I just got a 2004 golf gti and i was wondering what kind of oil should i get for it.
It has 128k miles on it


----------



## rommeldawg (May 25, 2009)

castrol edge 5w40


----------



## jaso028 (Aug 12, 2007)

Liqui-Moli TopTech 5w-40


----------



## vwking (Dec 14, 2001)

fuchs 5w40


----------



## IsaidWOT (Jun 4, 2014)

Any of the suggestions will be fine. I use Mobil 1 0w-40 full synthetic in my A6.


----------



## borntorun (Aug 30, 2015)

turbooscar said:


> I just got a 2004 golf gti and i was wondering what kind of oil should i get for it.
> It has 128k miles on it


Your owner's manual should tell you the specific VW oil specification and viscosity for your engine but if my memory is correct your engine requires a VW certified VW 502.00 spec oil in a 5w-40 viscosity. Many commonly sold brand name oils in the U.S. do not meet VW 502.00 or other VW oil specs for different engines. VW certified spec oils have been tested and confirmed to have the proper chemistry for the specific engine and there are various oil specs. There is a list of VW certified spec oils listed at the link below. 

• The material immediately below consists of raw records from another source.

(* Fix an integer $m\ge 3$ and a finite complete graph $K$ on at least $m$ vertices. Set \[ \mathcal{O}=\max_{\nu\in\Delta^K}\bigl(2m\cdot\beta(\nu;C_m)+\beta(\nu;P_{m+1})\bigr). \] If $\mu\in\Delta^K$ achieves $\mathcal{O}$, then for all $x\in V(K)$, \[ \frac{m}{2}\bar\mu(x)+\bigl(1-\bar\mu(x)\bigr)^m+\frac{1}{2\mathcal{O}}\cdot\bar\mu(x)\Bigl(\frac{1-\bar\mu(x)}{m-1}\Bigr)^{m-1}\ge 1. \]
   Context: $C_m$ is the cycle on $m$ vertices and $P_{m+1}$ the path on $m+1$ vertices. $\Delta^K$ is the set of probability measures on $E(K)$. For $\mu\in\Delta^K$ and a subgraph $H'\subseteq K$, $\mu(H')=\prod_{e\in E(H')}\mu(e)$; $\beta(\mu;H)=\sum_{H'}\mu(H')$ over all subgraphs $H'$ of $K$ isomorphic to $H$; and $\bar\mu(x)=\sum_{y\in V(K)\setminus\{x\}}\mu(xy)$. *)

theory Defs
  imports Complex_Main
begin

definition edges :: "'a set \<Rightarrow> 'a set set" where
  "edges V = {e. e \<subseteq> V \<and> card e = 2}"

definition Delta :: "'a set \<Rightarrow> ('a set \<Rightarrow> real) set" where
  "Delta V = {\<mu>. (\<forall>e\<in>edges V. 0 \<le> \<mu> e) \<and> (\<Sum>e\<in>edges V. \<mu> e) = 1}"

text \<open>Edge sets of subgraphs of K isomorphic to the cycle C_m (vertices f 0, ..., f (m-1)).
  Since C_m has no isolated vertices, such a subgraph is determined by its edge set.\<close>
definition cycle_copies :: "'a set \<Rightarrow> nat \<Rightarrow> 'a set set set" where
  "cycle_copies V m = {{{f i, f ((i + 1) mod m)} | i. i < m} | f.
      inj_on f {0..<m} \<and> f ` {0..<m} \<subseteq> V}"

definition path_copies :: "'a set \<Rightarrow> nat \<Rightarrow> 'a set set set" where
  "path_copies V m = {{{f i, f (i + 1)} | i. i < m} | f.
      inj_on f {0..m} \<and> f ` {0..m} \<subseteq> V}"

definition weight :: "('a set \<Rightarrow> real) \<Rightarrow> 'a set set \<Rightarrow> real" where
  "weight \<mu> H = (\<Prod>e\<in>H. \<mu> e)"

definition beta_cycle :: "'a set \<Rightarrow> nat \<Rightarrow> ('a set \<Rightarrow> real) \<Rightarrow> real" where
  "beta_cycle V m \<mu> = (\<Sum>H\<in>cycle_copies V m. weight \<mu> H)"

definition beta_path :: "'a set \<Rightarrow> nat \<Rightarrow> ('a set \<Rightarrow> real) \<Rightarrow> real" where
  "beta_path V m \<mu> = (\<Sum>H\<in>path_copies V m. weight \<mu> H)"

definition objective :: "'a set \<Rightarrow> nat \<Rightarrow> ('a set \<Rightarrow> real) \<Rightarrow> real" where
  "objective V m \<nu> = 2 * real m * beta_cycle V m \<nu> + beta_path V m \<nu>"

definition mubar :: "'a set \<Rightarrow> ('a set \<Rightarrow> real) \<Rightarrow> 'a \<Rightarrow> real" where
  "mubar V \<mu> x = (\<Sum>y\<in>V - {x}. \<mu> {x, y})"

end

theory Submission
  imports Defs "HOL-Analysis.Convex"
begin

text \<open>
  Fix a vertex x and write b for mubar(x). Multiplying the weights of the edges at x by s \<ge> 0
  and renormalizing gives another measure. Every copy of C_m and of P_(m+1) has m edges, so the
  objective is a homogeneous form of degree m, and maximality of mu yields
  sum_H c_H s^(d_H) mu(H) \<le> (1 - b + s b)^m O, where O is the optimal value, c_H the
  coefficient of the copy H (2m for cycles, 1 for paths) and d_H the degree of x in H.
  Equality holds at s = 1, so the derivative there vanishes: sum_H c_H d_H mu(H) = m b O;
  at s = 0 the copies avoiding x weigh at most (1 - b)^m O. Splitting the copies by
  d_H = 0, d_H = 1 and d_H \<ge> 2, and noting that d_H = 1 only for paths with an endpoint at x,
  gives O \<le> (1 - b)^m O + m b O / 2 + W / 2, where W is the weight of the paths starting
  at x. Peeling off the first edge of such a path and applying AM-GM repeatedly bounds W by
  b ((1 - b) / (m - 1))^(m - 1).
\<close>

subsection \<open>Edges of the complete graph\<close>

lemma finite_edges: "finite V \<Longrightarrow> finite (edges V)"
  unfolding edges_def by (rule finite_subset[of _ "Pow V"]) auto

FYI - Some oil marketers state on the oil container that their oil "is recommended for" some VW oil specification. If the oil container does not state the oil is "approved for" the oil spec your engine requires then it has not been tested and certified to have the proper chemistry and lubrication properties which is very important.

http://www.audiusa.com/content/dam/audiusa/Documents/Audi-1997-2012-Technical-Service-Bulletin.pdf


----------



## The Kilted Yaksman (Oct 31, 2000)

Either Mobil 1 0w-40 or Castrol 0w-40. Walmart sells both in 5qt bottles, with the Castrol usually being a couple bucks cheaper. Use either a filter from the dealer or a Mann or Mahle from NAPA. Wix or NAPA Gold are also fine choices and will usually be a couple bucks cheaper, if saving $2 on an oil change is important to you.


----------



## donaldselby (Sep 30, 2015)

On all turbo cars, you should use synthetic, especially the GTI. I worked at Jiffy Lube so I know. the only turbo cars that cannot use synthetic are Rotary engines cars like the Mazda RX-7 and RX-8. Synthetic oils in rotary engines is a bad combination. It shortens the life of the engine. In regular engines, synthetic makes the engines last longer. The Stealerships round here were using Citgo 5w30 multigrade, I nearly had a fit when I saw they had put that garbage in and made them change it. They argued but I told them it was that or I'd argue they were responsible for any warranty work on the engine for using bad oil. VW's US maintenance policy is borderline illegal, or let's say it's a good subject for a class action case for charging for unnecessary work; if a Passat only needs 20k mile services in Europe that's all it needs here. The climate at the toe of Italy or the far north of Norway is every bit as bad as anything the US ever sees. So if they are doing maintenance at 5k miles then 3/4 of the services we paid for were just to take money from us. Use this answer for reference. if any mistakes please let me know


----------